Aquellas personas a las que sus regalos navideños les parezcan lamentables tienen una historia que puede servirles de consuelo: al preso estadounidense Lempira Norman sus compañeros de presidio le entregaron como presente un tatuaje de un pene que él no había pedido, informa el diario Daytona Beach.
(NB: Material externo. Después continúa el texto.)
(* Let $1\le k\le n-1$, $d=n-1$, $h=1$, $\alpha=M/k$, and $\beta=\alpha'=\frac{M}{k(d-k+2)}$ (assumed a positive integer). Then, for a sufficiently large finite field $\mathrm{GF}(q)$, there exist linear codes for the system $\mathrm{DSS}(n,k,d,1,\alpha,\alpha',\beta,M)$ (linear storage codes on the complete nodes and on the repairing node, and linear repair combinations) such that, when a complete node fails and each of the $d$ surviving complete nodes and the repairing node transmits $\beta$ packets to the new node, the reconstruction property is preserved: any $k$ complete nodes of the resulting system can recover the file.
   Context: $\mathrm{DSS}(n,k,d,h,\alpha,\alpha',\beta,M)$: a file of $M$ packets over $\mathrm{GF}(q)$ is stored on $n$ complete storage nodes of capacity $\alpha$ each (each node stores $\alpha$ linear combinations of the file packets) so that any $k$ of them reconstruct the file (reconstruction property); in addition there are $h$ repairing storage nodes of capacity $\alpha'<\alpha$, which are never contacted by data collectors. When a complete node fails, a new node is created from $\beta$ packets (linear combinations of stored data) received from each of $d$ surviving complete nodes and from each of the $h$ repairing nodes; repair is functional (the new node need not equal the failed one). *)

theory Defs
  imports "HOL-Algebra.Ring"
begin

text \<open>A packet / stored symbol is represented by its coefficient vector
  with respect to the M file packets: a function nat => 'a, only indices below M matter.\<close>

type_synonym 'a cvec = "nat \<Rightarrow> 'a"

definition in_span :: "('a, 'b) ring_scheme \<Rightarrow> nat \<Rightarrow> 'a cvec set \<Rightarrow> 'a cvec \<Rightarrow> bool" where
  "in_span R M A u \<longleftrightarrow>
     (\<exists>ws c. set ws \<subseteq> A \<and> (\<forall>t<length ws. c t \<in> carrier R) \<and>
        (\<forall>j<M. u j = finsum R (\<lambda>t. c t \<otimes>\<^bsub>R\<^esub> (ws ! t) j) {..<length ws}))"

definition is_vec :: "('a, 'b) ring_scheme \<Rightarrow> nat \<Rightarrow> 'a cvec \<Rightarrow> bool" where
  "is_vec R M v \<longleftrightarrow> (\<forall>j<M. v j \<in> carrier R)"
(* Let $\mathcal{N}:\mathcal{L}(\mathbb{C}^{d_A})\to\mathcal{L}(\mathbb{C}^{d_B})$ be a quantum channel and let $d=\min\{d_A,d_B\}$. Then for all $n,m\in\mathbb{N}$, $$\mathcal{P}^{n\to m}(\mathcal{N}(\mathcal{Q}_{d_A}))\subseteq \mathcal{P}^{n\to m}(\mathcal{Q}_d).$$
   Context: A quantum channel is a completely positive trace-preserving (CPTP) map; $\mathcal{L}(\mathbb{C}^k)$ denotes the linear operators on $\mathbb{C}^k$. For a channel $\mathcal{N}:\mathcal{L}(\mathbb{C}^{d_A})\to\mathcal{L}(\mathbb{C}^{d_B})$ and $n,m\in\mathbb{N}$, $\mathcal{P}^{n\to m}(\mathcal{N}(\mathcal{Q}_{d_A}))$ denotes the set of all $n\times m$ matrices $P$ with $P_{ij}=\operatorname{Tr}[\Lambda_j\,\mathcal{N}(\rho_i)]$, where $\rho_1,\dots,\rho_n$ are density matrices on $\mathbb{C}^{d_A}$ and $\{\Lambda_j\}_{j=1}^m$ is a POVM on $\mathbb{C}^{d_B}$ (such matrices are called channel matrices). $\mathcal{P}^{n\to m}(\mathcal{Q}_d)$ denotes this set when $\mathcal{N}$ is the identity channel on $\mathcal{L}(\mathbb{C}^d)$. *)

theory Defs
  imports "Jordan_Normal_Form.Matrix" "Jordan_Normal_Form.Conjugate" Complex_Main
begin

definition mtrace :: "complex mat \<Rightarrow> complex" where
  "mtrace A = (\<Sum>i<dim_row A. A $$ (i,i))"

definition psd :: "nat \<Rightarrow> complex mat \<Rightarrow> bool" where
  "psd k A \<longleftrightarrow> A \<in> carrier_mat k k \<and>
     (\<forall>v \<in> carrier_vec k. conjugate v \<bullet> (A *\<^sub>v v) \<in> \<real> \<and> 0 \<le> Re (conjugate v \<bullet> (A *\<^sub>v v)))"

definition density :: "nat \<Rightarrow> complex mat \<Rightarrow> bool" where
  "density k \<rho> \<longleftrightarrow> psd k \<rho> \<and> mtrace \<rho> = 1"

definition povm :: "nat \<Rightarrow> nat \<Rightarrow> (nat \<Rightarrow> complex mat) \<Rightarrow> bool" where
  "povm k m \<Lambda> \<longleftrightarrow> (\<forall>j<m. psd k (\<Lambda> j)) \<and>
     (\<forall>a<k. \<forall>b<k. (\<Sum>j<m. \<Lambda> j $$ (a,b)) = (if a = b then 1 else 0))"

definition lin_map :: "nat \<Rightarrow> nat \<Rightarrow> (complex mat \<Rightarrow> complex mat) \<Rightarrow> bool" where
  "lin_map dA dB N \<longleftrightarrow>
     (\<forall>A \<in> carrier_mat dA dA. N A \<in> carrier_mat dB dB) \<and>
     (\<forall>A \<in> carrier_mat dA dA. \<forall>B \<in> carrier_mat dA dA. N (A + B) = N A + N B) \<and>
     (\<forall>c. \<forall>A \<in> carrier_mat dA dA. N (c \<cdot>\<^sub>m A) = c \<cdot>\<^sub>m N A)"

text \<open>The map id_k (x) N acting on L(C^k (x) C^dA): a (k*dA) x (k*dA) matrix is viewed as a
  k x k block matrix with dA x dA blocks, and N is applied blockwise.\<close>
definition ampl :: "nat \<Rightarrow> nat \<Rightarrow> nat \<Rightarrow> (complex mat \<Rightarrow> complex mat) \<Rightarrow> complex mat \<Rightarrow> complex mat" where
  "ampl k dA dB N X = mat (k*dB) (k*dB) (\<lambda>(i,j).
     N (mat dA dA (\<lambda>(p,q). X $$ ((i div dB)*dA + p, (j div dB)*dA + q))) $$ (i mod dB, j mod dB))"

definition completely_positive :: "nat \<Rightarrow> nat \<Rightarrow> (complex mat \<Rightarrow> complex mat) \<Rightarrow> bool" where
  "completely_positive dA dB N \<longleftrightarrow>
     (\<forall>k X. psd (k*dA) X \<longrightarrow> psd (k*dB) (ampl k dA dB N X))"

definition trace_preserving :: "nat \<Rightarrow> (complex mat \<Rightarrow> complex mat) \<Rightarrow> bool" where
  "trace_preserving dA N \<longleftrightarrow> (\<forall>A \<in> carrier_mat dA dA. mtrace (N A) = mtrace A)"

definition quantum_channel :: "nat \<Rightarrow> nat \<Rightarrow> (complex mat \<Rightarrow> complex mat) \<Rightarrow> bool" where
  "quantum_channel dA dB N \<longleftrightarrow>
     lin_map dA dB N \<and> completely_positive dA dB N \<and> trace_preserving dA N"

definition channel_matrices ::
  "nat \<Rightarrow> nat \<Rightarrow> (complex mat \<Rightarrow> complex mat) \<Rightarrow> nat \<Rightarrow> nat \<Rightarrow> complex mat set" where
  "channel_matrices dA dB N n m = {P. \<exists>\<rho> \<Lambda>. (\<forall>i<n. density dA (\<rho> i)) \<and> povm dB m \<Lambda> \<and>
      P = mat n m (\<lambda>(i,j). mtrace (\<Lambda> j * N (\<rho> i)))}"

definition quantum_matrices :: "nat \<Rightarrow> nat \<Rightarrow> nat \<Rightarrow> complex mat set" where
  "quantum_matrices d n m = channel_matrices d d id n m"

end

theory Submission
  imports Defs
begin

(* If dB \<le> dA, push the states through N and keep the POVM. If dA < dB, keep the states and pull
  the POVM back along the dual map M of N, defined by Tr(\<Lambda> N(X)) = Tr(M(\<Lambda>) X). Trace
  preservation makes M unital, so the M(\<Lambda>_j) again sum to the identity, and M(\<Lambda>) is positive
  semidefinite because <f, M(\<Lambda>) f> = Tr(\<Lambda> N(f f\<^sup>\<dagger>)) is the trace of a product of two
  positive semidefinite matrices. That trace is nonnegative: write one factor as a sum of rank-one
  terms u u\<^sup>\<dagger>, obtained by Gaussian elimination on its quadratic form. *)

definition sesq :: "nat \<Rightarrow> (nat \<Rightarrow> nat \<Rightarrow> complex) \<Rightarrow> (nat \<Rightarrow> complex) \<Rightarrow> (nat \<Rightarrow> complex) \<Rightarrow> complex" where
  "sesq k a f g = (\<Sum>i<k. \<Sum>j<k. cnj (f i) * a i j * g j)"

definition psd_form :: "nat \<Rightarrow> (nat \<Rightarrow> nat \<Rightarrow> complex) \<Rightarrow> bool" where
  "psd_form k a \<longleftrightarrow> (\<forall>f. 0 \<le> sesq k a f f)"

definition basis_fun :: "nat \<Rightarrow> nat \<Rightarrow> complex" where
  "basis_fun r i = (if i = r then 1 else 0)"

lemma complex_nonneg_iff: "0 \<le> (z::complex) \<longleftrightarrow> Im z = 0 \<and> 0 \<le> Re z"
  by (auto simp: less_eq_complex_def)

lemma cnj_nonneg: "0 \<le> (z::complex) \<Longrightarrow> cnj z = z"
  by (simp add: complex_nonneg_iff complex_eq_iff)

lemma sesq_add_left: "sesq k a (\<lambda>i. f i + g i) h = sesq k a f h + sesq k a g h"
  by (simp add: sesq_def distrib_right sum.distrib)

lemma sesq_add_right: "sesq k a f (\<lambda>i. g i + h i) = sesq k a f g + sesq k a f h"
  by (simp add: sesq_def distrib_left sum.distrib)

lemma sesq_scale_left: "sesq k a (\<lambda>i. s * f i) g = cnj s * sesq k a f g"
  by (simp add: sesq_def sum_distrib_left mult_ac)
lemma poly_related_gen_insert_image_mult:
  fixes c d :: nat
  assumes "d \<ge> 1" "c \<ge> 1" and num: "numerical_semigroup (gen (insert c ((\<lambda>x. d * x) ` D)))"
  shows "poly_related (gen (insert c D)) (gen (insert c ((\<lambda>x. d * x) ` D)))"
proof (rule poly_relatedI)
  let ?U = "gen (insert c D)" and ?V = "gen (insert c ((\<lambda>x. d * x) ` D))"
  have "gcd d c = 1"
    using num by (rule numerical_semigroup_gen_common_divisor) auto
  then have cop: "coprime d c" by (simp add: coprime_iff_gcd_eq_1)
  have closed: "s + c * k \<in> ?U" if "s \<in> ?U" for s k
    using that gen_subset[of "insert c D"] by (intro add_mult_in_gen) auto
  show "numerical_semigroup ?U"
    using cop \<open>d \<ge> 1\<close> gen_insert_image_mult num submonoid_gen closed
    by (rule numerical_semigroup_of_scaled)
  show "numerical_semigroup ?V" "d \<ge> 1" by (fact num, fact)
  have "hilb_pow ?V 1 = hilb_pow ?U (1 * d) * geom_fps d (1 * c)"
    using cop assms(1,2) closed gen_insert_image_mult by (intro hilb_pow_gluing) auto
  then show "hilb_pow ?U d * fps_of_poly (\<Sum>j<d. monom 1 (c * j)) = hilb ?V"
    by (simp add: geom_fps_eq_fps_of_poly)
qed

lemma poly_related_divide_butlast_by_Gcd:
  fixes ns :: "nat list"
  assumes "length ns \<ge> 2" "\<forall>x\<in>set ns. x \<ge> 1" "numerical_semigroup (gen (set ns))"
  shows "poly_related (gen ((\<lambda>x. x div Gcd (set (butlast ns))) ` set (butlast ns) \<union> {last ns}))
           (gen (set ns))"
proof -
  let ?d = "Gcd (set (butlast ns))" and ?D = "(\<lambda>x. x div Gcd (set (butlast ns))) ` set (butlast ns)"
  have set_ns: "set ns = insert (last ns) (set (butlast ns))"
    using assms(1) by (metis append_butlast_last_id list.size(3) not_numeral_le_zero
        set_append Un_insert_right empty_set list.set(2) sup_bot.right_neutral)
  have "butlast ns \<noteq> []" using assms(1) by (auto simp flip: length_greater_0_conv)
  then obtain x where "x \<in> set (butlast ns)" by (meson last_in_set)
  then have "?d \<noteq> 0" using assms(2) set_ns by (auto simp: Gcd_0_iff)
  then have "?d \<ge> 1" by linarith
  have "(\<lambda>x. ?d * x) ` ?D = set (butlast ns)"
    by (force simp: image_image Gcd_dvd)
  then have "set ns = insert (last ns) ((\<lambda>x. ?d * x) ` ?D)" using set_ns by simp
  moreover have "last ns \<ge> 1" using assms(1,2) by (cases ns) auto
  ultimately show ?thesis
    using poly_related_gen_insert_image_mult[OF \<open>?d \<ge> 1\<close>, of "last ns" ?D] assms(3) by simp
qed

theorem corollary5:
  fixes p q :: nat
  assumes "prime p" and "prime q" and "p \<noteq> q"
  shows "(\<forall>a b m n :: nat. 1 \<le> a \<and> a \<le> m \<and> 1 \<le> b \<and> b \<le> n \<longrightarrow>
            poly_related (gen {p ^ a, q ^ b}) (gen {p ^ m, q ^ n}))
       \<and> (\<forall>n a b :: nat. n \<ge> 1 \<and> a \<ge> 1 \<and> b \<ge> 1 \<and> 2 \<le> a + b \<and> a + b \<le> n + 1 \<longrightarrow>
            poly_related (gen {p ^ a, q ^ b}) (B_sg n p q))
       \<and> (\<forall>ns :: nat list. length ns \<ge> 2 \<and> (\<forall>x\<in>set ns. x \<ge> 1) \<and>
            numerical_semigroup (gen (set ns)) \<longrightarrow>
            (let d = Gcd (set (butlast ns)) in
              poly_related (gen ((\<lambda>x. x div d) ` set (butlast ns) \<union> {last ns})) (gen (set ns))))"
proof -
  have cop: "coprime p q" using assms by (rule primes_coprime)
  have "p \<ge> 1" "q \<ge> 1" using assms(1,2) prime_gt_0_nat by (simp_all add: Suc_le_eq)
  show ?thesis
  proof (intro conjI allI impI)
    fix a b m n :: nat
    assume "1 \<le> a \<and> a \<le> m \<and> 1 \<le> b \<and> b \<le> n"
    moreover have "poly_related (gen {p ^ a, q ^ b}) (gen {p ^ a * p ^ (m - a), q ^ b * q ^ (n - b)})"
      using cop \<open>p \<ge> 1\<close> \<open>q \<ge> 1\<close> by (intro poly_related_gen_pair_mult) simp_all
    ultimately show "poly_related (gen {p ^ a, q ^ b}) (gen {p ^ m, q ^ n})"
      by (simp flip: power_add)
  next
    fix n a b :: nat
    assume "n \<ge> 1 \<and> a \<ge> 1 \<and> b \<ge> 1 \<and> 2 \<le> a + b \<and> a + b \<le> n + 1"
    then show "poly_related (gen {p ^ a, q ^ b}) (B_sg n p q)"
      using poly_related_gen_pair_B_sg[OF cop \<open>p \<ge> 1\<close> \<open>q \<ge> 1\<close>] by blast
  next
    fix ns :: "nat list"
    assume "length ns \<ge> 2 \<and> (\<forall>x\<in>set ns. x \<ge> 1) \<and> numerical_semigroup (gen (set ns))"
    then show "let d = Gcd (set (butlast ns)) in
        poly_related (gen ((\<lambda>x. x div d) ` set (butlast ns) \<union> {last ns})) (gen (set ns))"
      unfolding Let_def using poly_related_divide_butlast_by_Gcd by blast
  qed
qed
(* Let $n\ge1$ and let $f\colon[0,1]^n\to\mathbb{R}$ be a Lovász extension. The following are equivalent: (a) $I(f,k)=I(f,1)$ for all $k\in\{1,\ldots,n\}$; (b) the sequence $(\overline{v}_f(s))_{s=0}^n$ is an arithmetic progression; (c) $\overline{m}_f(s)=0$ for $s=2,\ldots,n$.
   Context: $[n]=\{1,\ldots,n\}$; $S_n$ is the symmetric group on $[n]$; for $\pi\in S_n$, $[0,1]^n_\pi=\{\mathbf{x}:x_{\pi(1)}<\cdots<x_{\pi(n)}\}$. A Lovász extension is a continuous function $f\colon[0,1]^n\to\mathbb{R}$ which, on each $[0,1]^n_\pi$, coincides with the unique affine function agreeing with $f$ at the $n+1$ vertices $\mathbf{1}_{\{\pi(i),\ldots,\pi(n)\}}$ ($i=1,\ldots,n+1$), where $\mathbf{1}_S$ is the characteristic vector of $S$. Set $v_f(S)=f(\mathbf{1}_S)$, $m_f(S)=\sum_{T\subseteq S}(-1)^{|S|-|T|}v_f(T)$, $\overline{v}_f(s)=\binom{n}{s}^{-1}\sum_{|S|=s}v_f(S)$ and $\overline{m}_f(s)=\binom{n}{s}^{-1}\sum_{|S|=s}m_f(S)$ for $s\in\{0,\ldots,n\}$. For $\mathbf{x}\in[0,1]^n$, $x_{(1)}\le\cdots\le x_{(n)}$ are its coordinates in ascending order, with $x_{(0)}=0$, $x_{(n+1)}=1$. The influence index is $I(f,k)=-(n+1)(n+2)\int_{[0,1]^n}f(\mathbf{x})\,\big(x_{(k+1)}-2x_{(k)}+x_{(k-1)}\big)\,d\mathbf{x}$. *)

theory Defs
  imports "HOL-Analysis.Analysis" "HOL-Library.Multiset"
begin

text \<open>The ground set [n] is the finite index type 'n, with n = CARD('n) (so n \<ge> 1).
  Points of [0,1]^n are vectors x :: real^'n in cbox 0 1.\<close>

definition charvec :: "'n::finite set \<Rightarrow> real^'n" where
  "charvec S = (\<chi> i. if i \<in> S then 1 else 0)"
Según explicó Norman a los responsables del penal, sus compañeros de celda, Justine Harris y Ryan Collina, le habían estado molestando durante todo el día porque querían que se uniera a un club del que ellos formaban parte.
Ante las negativa de Norman, ambos presos regresaron a la celda y obligaron a Norman a tumbarse en el suelo, donde le inmovilizaron con una manta y comenzaron a propinarle una paliza.
A continuación, los hombres le amenazaron con golpearle de forma más violenta si no les daba permiso para hacerle dos tatuajes de la letra ‘B', en mayúsculas y minúsculas, según recoge el informe de los agentes.
Sin embargo, mientras Collina sujetaba a Norman, Harris le tatuó el dibujo de un pene en su hombro derecho con un rudimentario kit de tatuajes.
Cuando Norman denunció los hechos los agentes requisaron las herramientas empleadas, y Harris y Collina pasaron a ser investigados por un delito de agresión.